Trevor Tayleur, an associate professor at the University of Law, spoke to the Guardian about the impact Brexit would have on human rights, explaining why the Human Rights Act may be more limited after Brexit. He said,
“At present, the main means of protecting human rights in the UK is the Human Rights Act 1998,” he said.
“This incorporates the bulk of the rights and freedoms enshrined in the European convention on human rights into UK law and thereby enables individuals to enforce their convention rights in the UK courts.
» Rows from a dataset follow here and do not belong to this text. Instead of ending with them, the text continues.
lemma inner_path': "x \<bullet> path' \<theta> i = cos \<theta> * (x \<bullet> q i) - sin \<theta> * (x \<bullet> p i)"
  by (simp add: path'_def inner_diff_right)

lemma has_real_derivative_smooth_max:
  "((\<lambda>\<theta>. smooth_max \<theta> x) has_real_derivative (\<Sum>i\<in>I. gibbs \<theta> x i * (x \<bullet> path' \<theta> i))) (at \<theta>)"
proof -
  have "((\<lambda>\<theta>. x \<bullet> path \<theta> i) has_real_derivative x \<bullet> path' \<theta> i) (at \<theta>)" for i
    unfolding inner_path inner_path' by (auto intro!: derivative_eq_intros)
  then have "((\<lambda>\<theta>. partition_sum \<theta> x) has_real_derivative
      (\<Sum>j\<in>I. exp (\<beta> * (x \<bullet> path \<theta> j)) * (\<beta> * (x \<bullet> path' \<theta> j)))) (at \<theta>)"
    unfolding partition_sum_def by (intro DERIV_sum DERIV_chain2[OF DERIV_exp] DERIV_cmult)
  then have "((\<lambda>\<theta>. smooth_max \<theta> x) has_real_derivative
      (1 / partition_sum \<theta> x * (\<Sum>j\<in>I. exp (\<beta> * (x \<bullet> path \<theta> j)) * (\<beta> * (x \<bullet> path' \<theta> j)))) / \<beta>) (at \<theta>)"
    unfolding smooth_max_def by (intro DERIV_cdivide DERIV_chain2[OF DERIV_ln_divide] partition_sum_pos)
  then show ?thesis
    using \<beta>_pos by (simp add: gibbs_def sum_divide_distrib sum_distrib_left)
qed
lemma schur_stable_lyap_op_inj:
  assumes "schur_stable (F::real^'n^'n)"
  shows "inj (lyap_op F)"
proof (rule injI)
  fix X Y assume "lyap_op F X = lyap_op F Y"
  then have "lyap_op F (X - Y) = 0"
    by (simp add: linear_diff[OF linear_lyap_op])
  then have "X - Y = 0"
    by (rule schur_stable_lyap_op_eq_0[OF assms])
  then show "X = Y"
    by simp
qed

lemma schur_stable_lyap_op_surj: "schur_stable F \<Longrightarrow> surj (lyap_op (F::real^'n^'n))"
  by (rule linear_injective_imp_surjective[OF linear_lyap_op schur_stable_lyap_op_inj]) simp_all

lemma inner_gramian:
  fixes F W :: "real^'n^'n"
  shows "x \<bullet> (gramian F W N *v x) = (\<Sum>k<N. (mpow F k *v x) \<bullet> (W *v (mpow F k *v x)))"
  by (simp add: gramian_def matrix_sum_vector_mult inner_sum_right inner_matrix_sandwich)

lemma gramian_pos_def:
  fixes F W :: "real^'n^'n"
  assumes W: "psd W" and obs: "\<And>x. \<forall>k<N. (mpow F k *v x) \<bullet> (W *v (mpow F k *v x)) = 0 \<Longrightarrow> x = 0"
  shows "pos_def (gramian F W N)"
  unfolding pos_def_def
proof (intro conjI allI impI)
  show "transpose (gramian F W N) = gramian F W N"
    using W by (simp add: gramian_def psd_def transpose_sum matrix_transpose_mul matrix_mul_assoc)
  fix x :: "real^'n" assume "x \<noteq> 0"
  then obtain k where "k < N" "(mpow F k *v x) \<bullet> (W *v (mpow F k *v x)) \<noteq> 0"
    using obs by blast
  then show "0 < x \<bullet> (gramian F W N *v x)"
    unfolding inner_gramian using W
    by (intro sum_pos2[of _ k]) (auto simp: psd_nonneg order_less_le)
qed

lemma lyap_op_inner_expansion:
  fixes F X W :: "real^'n^'n"
  assumes "lyap_op F X = W"
  shows "x \<bullet> (X *v x) = x \<bullet> (gramian F W N *v x) + (mpow F N *v x) \<bullet> (X *v (mpow F N *v x))"
proof (induction N)
  case (Suc N)
  let ?y = "mpow F N *v x"
  have X: "X = W + transpose F ** X ** F"
    using assms by (simp add: lyap_op_def algebra_simps)
  have "?y \<bullet> (X *v ?y) = ?y \<bullet> (W *v ?y) + ?y \<bullet> ((transpose F ** X ** F) *v ?y)"
    by (subst X) (simp add: matrix_vector_mult_add_rdistrib inner_add_right)
  then have "?y \<bullet> (X *v ?y) = ?y \<bullet> (W *v ?y) + (F *v ?y) \<bullet> (X *v (F *v ?y))"
    by (simp only: inner_matrix_sandwich)
  then show ?case
    using Suc by (simp add: inner_gramian matrix_vector_mul_assoc)
qed (simp add: gramian_def)

lemma lyap_op_solution_pos_def:
  fixes F X W :: "real^'n^'n"
  assumes F: "schur_stable F" and W: "psd W" and G: "pos_def (gramian F W N)"
    and X: "lyap_op F X = W"
  shows "pos_def X"
proof -
  have "lyap_op F (transpose X) = lyap_op F X"
    using X W by (simp add: lyap_op_transpose psd_def)
  then have sym: "transpose X = X"
    using schur_stable_lyap_op_inj[OF F] by (simp add: inj_eq)
  have "x \<bullet> (gramian F W N *v x) \<le> x \<bullet> (X *v x)" for x
  proof -
    let ?t = "\<lambda>m. (mpow F m *v x) \<bullet> (X *v (mpow F m *v x))"
    have "?t \<longlonglongrightarrow> 0 \<bullet> (X *v 0)"
      using F unfolding schur_stable_def
      by (intro tendsto_inner bounded_linear.tendsto[OF matrix_vector_mul_bounded_linear]) auto
    then have "(\<lambda>m. x \<bullet> (X *v x) - ?t m) \<longlonglongrightarrow> x \<bullet> (X *v x) - 0 \<bullet> (X *v 0)"
      by (intro tendsto_diff tendsto_const)
    then have lim: "(\<lambda>m. x \<bullet> (X *v x) - ?t m) \<longlonglongrightarrow> x \<bullet> (X *v x)"
      by simp
    have "x \<bullet> (gramian F W N *v x) \<le> x \<bullet> (X *v x) - ?t m" if "N \<le> m" for m
    proof -
      have "x \<bullet> (gramian F W N *v x) \<le> x \<bullet> (gramian F W m *v x)"
        unfolding inner_gramian using that W by (intro sum_mono2) (auto simp: psd_nonneg)
      then show ?thesis
        using lyap_op_inner_expansion[OF X, of x m] by simp
    qed
    then have "\<exists>M. \<forall>m\<ge>M. x \<bullet> (gramian F W N *v x) \<le> x \<bullet> (X *v x) - ?t m"
      by blast
    then show ?thesis
      by (rule LIMSEQ_le_const[OF lim])
  qed
  moreover have "0 < x \<bullet> (gramian F W N *v x)" if "x \<noteq> 0" for x
    using G that by (simp add: pos_def_def)
  ultimately show ?thesis
    using sym unfolding pos_def_def by (meson less_le_trans)
qed

lemma schur_stable_if_lyapunov_decrease:
  fixes F P W :: "real^'n^'n"
  assumes P: "psd P" and W: "psd W"
    and decrease: "\<And>x. (F *v x) \<bullet> (P *v (F *v x)) \<le> x \<bullet> (P *v x) - x \<bullet> (W *v x)"
    and G: "pos_def (gramian F W N)"
  shows "schur_stable F"
  unfolding schur_stable_def
proof
  fix x :: "real^'n"
  let ?V = "\<lambda>y. y \<bullet> (P *v y)"
  define s where "s k = ?V (mpow F k *v x)" for k
  have iterate: "?V (mpow F m *v y) + y \<bullet> (gramian F W m *v y) \<le> ?V y" for m y
  proof (induction m)
    case (Suc m)
    have "?V (mpow F (Suc m) *v y) \<le> ?V (mpow F m *v y) - (mpow F m *v y) \<bullet> (W *v (mpow F m *v y))"
      using decrease[of "mpow F m *v y"] by (simp add: matrix_vector_mul_assoc)
    then show ?case
      using Suc by (simp add: inner_gramian)
  qed (simp add: gramian_def)
  have "s (Suc k) \<le> s k" for k
    using decrease[of "mpow F k *v x"] psd_nonneg[OF W, of "mpow F k *v x"]
    by (simp add: s_def matrix_vector_mul_assoc)
  then have "decseq s"
    by (simp add: decseq_Suc_iff)
  moreover have "\<forall>k. 0 \<le> s k"
    using P by (simp add: s_def psd_nonneg)
  ultimately obtain L where "s \<longlonglongrightarrow> L"
    by (rule decseq_convergent)
  then have "(\<lambda>k. s k - s (k + N)) \<longlonglongrightarrow> L - L"
    by (intro tendsto_diff LIMSEQ_ignore_initial_segment)
  then have lim: "(\<lambda>k. s k - s (k + N)) \<longlonglongrightarrow> 0"
    by simp
  \<comment> \<open>The decrease of the Lyapunov function over \<open>N\<close> steps dominates \<open>|F\<^sup>k x|\<^sup>2\<close>.\<close>
  obtain e where e: "0 < e" "\<And>y. e * (y \<bullet> y) \<le> y \<bullet> (gramian F W N *v y)"
    using pos_def_lower_bound[OF G] by blast
  have bound: "e * (norm (mpow F k *v x))\<^sup>2 \<le> s k - s (k + N)" for k
  proof -
    have "mpow F (k + N) = mpow F N ** mpow F k"
      by (simp only: add.commute[of k N] mpow_add)
    then have "s (k + N) = ?V (mpow F N *v (mpow F k *v x))"
      by (simp add: s_def matrix_vector_mul_assoc)
    then show ?thesis
      using iterate[of N "mpow F k *v x"] e(2)[of "mpow F k *v x"]
      by (simp add: s_def power2_norm_eq_inner)
  qed
  have "(\<lambda>k. e * (norm (mpow F k *v x))\<^sup>2) \<longlonglongrightarrow> 0"
    by (rule tendsto_sandwich[OF always_eventually always_eventually tendsto_const lim])
      (simp_all add: bound less_imp_le[OF e(1)])
  then have "(\<lambda>k. (norm (mpow F k *v x))\<^sup>2) \<longlonglongrightarrow> 0"
    using tendsto_mult_left_iff[of e "\<lambda>k. (norm (mpow F k *v x))\<^sup>2" 0] e(1) by simp
  then have "(\<lambda>k. sqrt ((norm (mpow F k *v x))\<^sup>2)) \<longlonglongrightarrow> sqrt 0"
    by (rule tendsto_real_sqrt)
  then have "(\<lambda>k. norm (mpow F k *v x)) \<longlonglongrightarrow> 0"
    by simp
  then show "(\<lambda>k. mpow F k *v x) \<longlonglongrightarrow> 0"
    by (rule tendsto_norm_zero_cancel)
qed

section \<open>Closed loops and the scaled Lyapunov equation\<close>

lemma inner_closed_loop_cost:
  "x \<bullet> ((Q + transpose K ** R ** K) *v x) = x \<bullet> (Q *v x) + (K *v x) \<bullet> (R *v (K *v (x::real^'n)))"
  by (simp add: matrix_vector_mult_add_rdistrib inner_add_right inner_matrix_sandwich)

lemma psd_closed_loop_cost:
  fixes K :: "real^'n^'m"
  assumes Q: "psd Q" and R: "pos_def R"
  shows "psd (Q + transpose K ** R ** K)"
  unfolding psd_def
proof (intro conjI allI)
  show "transpose (Q + transpose K ** R ** K) = Q + transpose K ** R ** K"
    using Q R by (simp add: psd_def pos_def_def transpose_add matrix_transpose_mul matrix_mul_assoc)
  show "0 \<le> x \<bullet> ((Q + transpose K ** R ** K) *v x)" for x
    using psd_nonneg[OF Q] psd_nonneg[OF pos_def_imp_psd[OF R]] by (simp add: inner_closed_loop_cost)
qed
However, there is a significant limitation to the protection afforded by the HRA because it does not override acts of parliament.”
A recent Amnesty report emphasises the possibility of reduced power of the Act after Brexit, ‘despite the clear benefits for human rights in the UK of the legislation, there have been repeated threats to remove or repeal the act by successive politicians.’ Summarising why the UK’s exit from the EU could damage the work that the Act has developed over the past 20 years.